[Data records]
==================================================

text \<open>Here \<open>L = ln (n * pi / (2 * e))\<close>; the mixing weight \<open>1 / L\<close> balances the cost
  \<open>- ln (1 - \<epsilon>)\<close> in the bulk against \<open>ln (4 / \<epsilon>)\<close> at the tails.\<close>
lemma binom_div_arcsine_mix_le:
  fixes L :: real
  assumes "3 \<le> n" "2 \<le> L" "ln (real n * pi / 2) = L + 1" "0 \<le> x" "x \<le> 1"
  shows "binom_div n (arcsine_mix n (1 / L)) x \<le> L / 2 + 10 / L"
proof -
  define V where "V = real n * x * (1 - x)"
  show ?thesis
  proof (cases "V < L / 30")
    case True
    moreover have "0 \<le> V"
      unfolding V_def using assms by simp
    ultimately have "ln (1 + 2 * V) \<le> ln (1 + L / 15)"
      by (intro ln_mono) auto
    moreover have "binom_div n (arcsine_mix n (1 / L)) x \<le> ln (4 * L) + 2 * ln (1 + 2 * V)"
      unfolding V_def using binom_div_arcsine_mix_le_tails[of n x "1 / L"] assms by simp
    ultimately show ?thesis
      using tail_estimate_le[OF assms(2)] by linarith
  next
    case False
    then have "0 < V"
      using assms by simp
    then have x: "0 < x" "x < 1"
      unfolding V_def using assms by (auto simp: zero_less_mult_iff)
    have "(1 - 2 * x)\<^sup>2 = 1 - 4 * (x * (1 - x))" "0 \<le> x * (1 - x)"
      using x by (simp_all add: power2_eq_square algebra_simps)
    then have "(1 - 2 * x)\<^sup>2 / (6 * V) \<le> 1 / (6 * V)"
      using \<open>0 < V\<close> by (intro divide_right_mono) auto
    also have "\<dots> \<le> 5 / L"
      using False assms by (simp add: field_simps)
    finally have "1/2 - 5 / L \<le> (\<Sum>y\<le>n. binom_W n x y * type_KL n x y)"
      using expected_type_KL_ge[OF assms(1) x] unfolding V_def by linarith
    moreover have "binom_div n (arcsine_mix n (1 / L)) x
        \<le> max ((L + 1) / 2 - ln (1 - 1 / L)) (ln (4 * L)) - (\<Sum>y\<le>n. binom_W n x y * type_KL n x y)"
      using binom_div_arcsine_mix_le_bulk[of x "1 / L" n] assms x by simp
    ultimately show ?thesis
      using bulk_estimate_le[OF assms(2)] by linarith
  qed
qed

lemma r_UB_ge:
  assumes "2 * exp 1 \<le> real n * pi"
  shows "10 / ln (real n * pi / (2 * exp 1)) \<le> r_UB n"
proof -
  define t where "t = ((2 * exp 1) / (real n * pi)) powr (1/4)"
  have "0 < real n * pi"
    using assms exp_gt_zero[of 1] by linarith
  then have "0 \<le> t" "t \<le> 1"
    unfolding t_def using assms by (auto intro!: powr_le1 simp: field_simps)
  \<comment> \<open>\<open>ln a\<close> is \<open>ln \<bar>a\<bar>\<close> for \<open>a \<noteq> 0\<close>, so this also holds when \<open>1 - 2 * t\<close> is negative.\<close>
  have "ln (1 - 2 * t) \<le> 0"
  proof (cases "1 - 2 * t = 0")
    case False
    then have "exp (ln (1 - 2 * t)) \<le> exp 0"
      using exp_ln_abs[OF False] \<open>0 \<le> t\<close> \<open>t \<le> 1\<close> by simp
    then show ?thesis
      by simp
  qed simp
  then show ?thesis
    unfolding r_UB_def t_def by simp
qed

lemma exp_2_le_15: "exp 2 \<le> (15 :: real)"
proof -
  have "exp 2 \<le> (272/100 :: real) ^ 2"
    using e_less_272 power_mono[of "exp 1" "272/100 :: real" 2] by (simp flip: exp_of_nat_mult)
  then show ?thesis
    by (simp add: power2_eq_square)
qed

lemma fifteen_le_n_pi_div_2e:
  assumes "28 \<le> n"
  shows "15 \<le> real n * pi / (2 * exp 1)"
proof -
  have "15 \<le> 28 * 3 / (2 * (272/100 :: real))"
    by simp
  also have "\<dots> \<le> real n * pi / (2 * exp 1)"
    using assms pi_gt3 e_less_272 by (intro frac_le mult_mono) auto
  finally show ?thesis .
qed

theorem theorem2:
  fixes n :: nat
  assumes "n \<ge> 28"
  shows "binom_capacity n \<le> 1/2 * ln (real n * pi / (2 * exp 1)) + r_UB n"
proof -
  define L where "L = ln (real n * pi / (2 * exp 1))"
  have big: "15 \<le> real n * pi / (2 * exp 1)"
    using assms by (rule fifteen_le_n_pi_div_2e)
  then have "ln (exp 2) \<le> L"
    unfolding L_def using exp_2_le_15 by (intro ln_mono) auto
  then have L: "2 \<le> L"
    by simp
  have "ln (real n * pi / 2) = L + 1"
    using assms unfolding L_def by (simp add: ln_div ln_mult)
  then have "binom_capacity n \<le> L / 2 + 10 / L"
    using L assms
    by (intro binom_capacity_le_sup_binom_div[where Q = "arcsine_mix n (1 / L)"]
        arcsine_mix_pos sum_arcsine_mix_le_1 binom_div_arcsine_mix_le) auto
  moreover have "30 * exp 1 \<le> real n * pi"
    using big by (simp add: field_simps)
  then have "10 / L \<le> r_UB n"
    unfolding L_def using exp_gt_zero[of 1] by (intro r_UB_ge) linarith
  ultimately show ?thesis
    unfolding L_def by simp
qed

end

==================================================

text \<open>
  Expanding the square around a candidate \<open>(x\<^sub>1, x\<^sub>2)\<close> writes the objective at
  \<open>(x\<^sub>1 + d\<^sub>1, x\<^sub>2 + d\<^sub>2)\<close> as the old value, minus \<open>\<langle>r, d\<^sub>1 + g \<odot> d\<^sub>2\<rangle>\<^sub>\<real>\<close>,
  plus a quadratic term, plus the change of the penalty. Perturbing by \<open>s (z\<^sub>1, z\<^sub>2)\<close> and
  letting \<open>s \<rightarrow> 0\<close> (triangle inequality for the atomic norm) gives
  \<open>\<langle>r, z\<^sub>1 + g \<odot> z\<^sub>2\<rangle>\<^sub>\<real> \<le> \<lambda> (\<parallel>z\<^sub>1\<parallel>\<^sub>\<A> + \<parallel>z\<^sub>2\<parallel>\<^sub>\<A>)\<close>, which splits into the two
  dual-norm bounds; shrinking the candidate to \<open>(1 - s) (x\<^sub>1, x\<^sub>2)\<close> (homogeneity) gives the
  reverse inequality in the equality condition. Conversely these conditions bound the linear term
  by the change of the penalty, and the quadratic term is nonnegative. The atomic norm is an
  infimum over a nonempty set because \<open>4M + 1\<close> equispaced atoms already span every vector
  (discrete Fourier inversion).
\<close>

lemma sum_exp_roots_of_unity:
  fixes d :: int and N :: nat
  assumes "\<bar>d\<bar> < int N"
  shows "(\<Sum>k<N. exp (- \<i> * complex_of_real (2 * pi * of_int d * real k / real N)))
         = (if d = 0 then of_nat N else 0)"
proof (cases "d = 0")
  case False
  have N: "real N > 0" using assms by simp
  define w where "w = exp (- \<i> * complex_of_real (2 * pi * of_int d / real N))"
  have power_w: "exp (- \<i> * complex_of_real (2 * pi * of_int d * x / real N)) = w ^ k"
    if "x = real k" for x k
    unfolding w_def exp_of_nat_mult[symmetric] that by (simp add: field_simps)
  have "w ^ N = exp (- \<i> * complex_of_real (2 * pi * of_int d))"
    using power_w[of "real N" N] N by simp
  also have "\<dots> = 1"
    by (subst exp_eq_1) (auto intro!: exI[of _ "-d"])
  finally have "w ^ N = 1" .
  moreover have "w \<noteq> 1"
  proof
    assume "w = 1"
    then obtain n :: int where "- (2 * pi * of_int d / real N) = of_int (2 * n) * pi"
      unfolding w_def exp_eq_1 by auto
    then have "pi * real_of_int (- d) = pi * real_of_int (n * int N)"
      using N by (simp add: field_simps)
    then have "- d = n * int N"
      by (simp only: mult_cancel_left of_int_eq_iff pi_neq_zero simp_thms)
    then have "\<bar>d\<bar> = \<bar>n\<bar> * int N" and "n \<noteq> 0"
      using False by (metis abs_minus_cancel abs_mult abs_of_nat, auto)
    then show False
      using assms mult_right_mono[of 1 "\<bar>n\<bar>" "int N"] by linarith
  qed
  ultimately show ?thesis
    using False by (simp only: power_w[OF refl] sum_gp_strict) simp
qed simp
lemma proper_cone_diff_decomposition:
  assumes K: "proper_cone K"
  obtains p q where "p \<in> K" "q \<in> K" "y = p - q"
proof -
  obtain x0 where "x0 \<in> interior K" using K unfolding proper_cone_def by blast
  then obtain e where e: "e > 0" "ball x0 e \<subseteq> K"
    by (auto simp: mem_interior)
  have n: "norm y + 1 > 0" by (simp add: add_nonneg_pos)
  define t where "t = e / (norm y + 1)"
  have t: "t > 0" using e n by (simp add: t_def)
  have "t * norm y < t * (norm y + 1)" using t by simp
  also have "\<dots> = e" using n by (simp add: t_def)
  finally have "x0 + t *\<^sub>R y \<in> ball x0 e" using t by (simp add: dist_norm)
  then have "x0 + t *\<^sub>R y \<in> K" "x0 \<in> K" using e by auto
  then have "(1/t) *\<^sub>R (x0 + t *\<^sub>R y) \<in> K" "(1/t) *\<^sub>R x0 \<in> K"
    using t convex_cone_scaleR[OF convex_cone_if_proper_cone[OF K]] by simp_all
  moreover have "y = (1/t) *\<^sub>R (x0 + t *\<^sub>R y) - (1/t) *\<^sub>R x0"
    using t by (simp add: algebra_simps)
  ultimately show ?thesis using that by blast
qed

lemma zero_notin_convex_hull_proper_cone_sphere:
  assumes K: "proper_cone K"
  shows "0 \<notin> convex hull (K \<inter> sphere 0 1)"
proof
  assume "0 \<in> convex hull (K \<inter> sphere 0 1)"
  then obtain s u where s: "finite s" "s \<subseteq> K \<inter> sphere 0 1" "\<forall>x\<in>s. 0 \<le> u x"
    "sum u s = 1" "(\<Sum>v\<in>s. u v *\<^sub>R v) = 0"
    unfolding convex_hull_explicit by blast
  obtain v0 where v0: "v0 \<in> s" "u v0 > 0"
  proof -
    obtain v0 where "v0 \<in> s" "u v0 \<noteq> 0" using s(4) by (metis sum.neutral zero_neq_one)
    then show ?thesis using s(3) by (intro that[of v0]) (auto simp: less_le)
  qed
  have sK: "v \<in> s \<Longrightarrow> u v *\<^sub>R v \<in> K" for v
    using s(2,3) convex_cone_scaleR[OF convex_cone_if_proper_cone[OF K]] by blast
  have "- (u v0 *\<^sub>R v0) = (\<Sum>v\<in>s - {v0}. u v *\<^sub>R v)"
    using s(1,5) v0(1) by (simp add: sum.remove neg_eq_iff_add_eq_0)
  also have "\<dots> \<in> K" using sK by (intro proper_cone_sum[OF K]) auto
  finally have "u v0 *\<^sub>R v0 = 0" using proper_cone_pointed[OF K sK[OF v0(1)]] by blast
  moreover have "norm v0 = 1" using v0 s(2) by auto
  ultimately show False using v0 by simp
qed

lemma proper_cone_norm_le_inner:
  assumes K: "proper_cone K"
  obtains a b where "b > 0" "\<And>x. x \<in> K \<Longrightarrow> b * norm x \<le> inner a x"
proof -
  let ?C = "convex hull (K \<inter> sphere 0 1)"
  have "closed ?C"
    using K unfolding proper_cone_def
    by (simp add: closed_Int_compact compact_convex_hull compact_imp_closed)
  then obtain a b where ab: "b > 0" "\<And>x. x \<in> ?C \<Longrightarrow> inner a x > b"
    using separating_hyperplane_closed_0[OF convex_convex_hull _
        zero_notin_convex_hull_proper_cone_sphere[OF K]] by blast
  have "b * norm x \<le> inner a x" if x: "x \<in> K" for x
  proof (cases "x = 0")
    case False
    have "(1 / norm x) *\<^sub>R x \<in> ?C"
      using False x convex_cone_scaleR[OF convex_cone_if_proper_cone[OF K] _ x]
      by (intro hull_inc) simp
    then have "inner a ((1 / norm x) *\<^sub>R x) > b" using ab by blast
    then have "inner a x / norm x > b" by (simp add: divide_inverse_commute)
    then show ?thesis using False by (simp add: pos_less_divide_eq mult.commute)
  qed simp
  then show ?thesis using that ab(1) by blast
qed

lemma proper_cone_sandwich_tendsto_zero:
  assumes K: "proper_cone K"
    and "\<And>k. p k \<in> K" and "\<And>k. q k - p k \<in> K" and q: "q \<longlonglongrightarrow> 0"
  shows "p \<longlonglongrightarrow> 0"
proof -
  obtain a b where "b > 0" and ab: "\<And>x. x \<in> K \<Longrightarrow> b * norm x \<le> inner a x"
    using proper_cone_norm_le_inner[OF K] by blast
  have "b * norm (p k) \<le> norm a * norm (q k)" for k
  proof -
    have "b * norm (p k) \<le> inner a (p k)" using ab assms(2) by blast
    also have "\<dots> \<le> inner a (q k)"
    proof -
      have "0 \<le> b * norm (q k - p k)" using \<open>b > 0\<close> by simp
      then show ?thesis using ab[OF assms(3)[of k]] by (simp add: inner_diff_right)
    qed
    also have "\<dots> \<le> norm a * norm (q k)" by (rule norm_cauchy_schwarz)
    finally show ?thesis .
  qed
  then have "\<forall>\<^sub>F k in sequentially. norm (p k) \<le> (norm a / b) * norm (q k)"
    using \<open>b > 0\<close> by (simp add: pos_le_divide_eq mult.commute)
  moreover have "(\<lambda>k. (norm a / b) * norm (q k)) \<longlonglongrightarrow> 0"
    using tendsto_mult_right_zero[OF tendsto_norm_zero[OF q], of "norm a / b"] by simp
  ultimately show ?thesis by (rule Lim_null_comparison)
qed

==================================================

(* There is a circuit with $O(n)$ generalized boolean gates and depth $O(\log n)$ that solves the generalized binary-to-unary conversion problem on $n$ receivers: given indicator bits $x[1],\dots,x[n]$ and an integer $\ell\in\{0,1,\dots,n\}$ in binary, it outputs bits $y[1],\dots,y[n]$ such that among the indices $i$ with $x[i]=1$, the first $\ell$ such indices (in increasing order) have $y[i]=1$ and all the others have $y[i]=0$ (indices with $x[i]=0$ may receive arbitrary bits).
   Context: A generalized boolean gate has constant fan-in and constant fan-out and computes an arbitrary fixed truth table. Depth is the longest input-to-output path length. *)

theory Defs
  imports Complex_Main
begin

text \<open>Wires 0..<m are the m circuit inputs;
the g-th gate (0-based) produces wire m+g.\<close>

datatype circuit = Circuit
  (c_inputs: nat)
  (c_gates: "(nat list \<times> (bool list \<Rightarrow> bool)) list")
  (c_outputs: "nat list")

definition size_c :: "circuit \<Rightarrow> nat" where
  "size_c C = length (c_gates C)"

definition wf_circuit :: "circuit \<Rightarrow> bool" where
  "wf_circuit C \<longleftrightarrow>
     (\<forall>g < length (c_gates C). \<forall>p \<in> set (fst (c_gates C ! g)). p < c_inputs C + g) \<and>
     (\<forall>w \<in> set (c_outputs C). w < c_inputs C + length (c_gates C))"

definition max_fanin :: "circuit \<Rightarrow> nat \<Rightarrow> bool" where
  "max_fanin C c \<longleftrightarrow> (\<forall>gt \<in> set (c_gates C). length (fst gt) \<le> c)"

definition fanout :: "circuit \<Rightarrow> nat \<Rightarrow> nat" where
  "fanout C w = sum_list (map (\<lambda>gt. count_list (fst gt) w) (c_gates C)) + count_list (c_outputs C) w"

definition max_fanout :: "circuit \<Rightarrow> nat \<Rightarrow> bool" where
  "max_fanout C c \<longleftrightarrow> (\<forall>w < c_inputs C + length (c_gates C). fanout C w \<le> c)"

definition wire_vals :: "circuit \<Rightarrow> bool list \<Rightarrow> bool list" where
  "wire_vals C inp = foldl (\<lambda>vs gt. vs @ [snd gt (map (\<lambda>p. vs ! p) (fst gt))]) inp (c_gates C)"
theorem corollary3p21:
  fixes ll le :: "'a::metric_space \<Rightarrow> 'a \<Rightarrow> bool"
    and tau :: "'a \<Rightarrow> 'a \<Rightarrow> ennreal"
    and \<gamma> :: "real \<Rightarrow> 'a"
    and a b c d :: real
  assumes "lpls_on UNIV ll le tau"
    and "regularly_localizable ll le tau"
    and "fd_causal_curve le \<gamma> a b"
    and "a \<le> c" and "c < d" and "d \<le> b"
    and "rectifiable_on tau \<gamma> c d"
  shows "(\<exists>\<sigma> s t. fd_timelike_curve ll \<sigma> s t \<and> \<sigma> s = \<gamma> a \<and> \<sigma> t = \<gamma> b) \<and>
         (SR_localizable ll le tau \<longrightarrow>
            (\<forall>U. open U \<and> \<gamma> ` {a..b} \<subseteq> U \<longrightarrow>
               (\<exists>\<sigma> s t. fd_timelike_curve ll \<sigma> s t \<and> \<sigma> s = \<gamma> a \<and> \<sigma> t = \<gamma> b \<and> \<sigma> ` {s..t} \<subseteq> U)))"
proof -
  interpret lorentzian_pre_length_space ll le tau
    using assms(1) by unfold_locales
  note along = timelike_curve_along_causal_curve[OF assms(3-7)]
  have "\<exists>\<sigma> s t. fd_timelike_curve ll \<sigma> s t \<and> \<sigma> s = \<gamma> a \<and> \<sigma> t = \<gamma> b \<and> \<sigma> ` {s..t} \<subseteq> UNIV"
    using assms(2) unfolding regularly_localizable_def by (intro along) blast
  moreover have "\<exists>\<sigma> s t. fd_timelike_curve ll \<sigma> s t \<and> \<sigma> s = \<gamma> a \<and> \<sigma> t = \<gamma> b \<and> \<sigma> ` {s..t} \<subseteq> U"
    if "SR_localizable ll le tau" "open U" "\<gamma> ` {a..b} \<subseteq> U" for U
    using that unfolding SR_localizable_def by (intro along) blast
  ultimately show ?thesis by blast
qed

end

==================================================

[Activity] Exactly how many lines in the data above hold "atomic"? State that number only.

[Response below] 2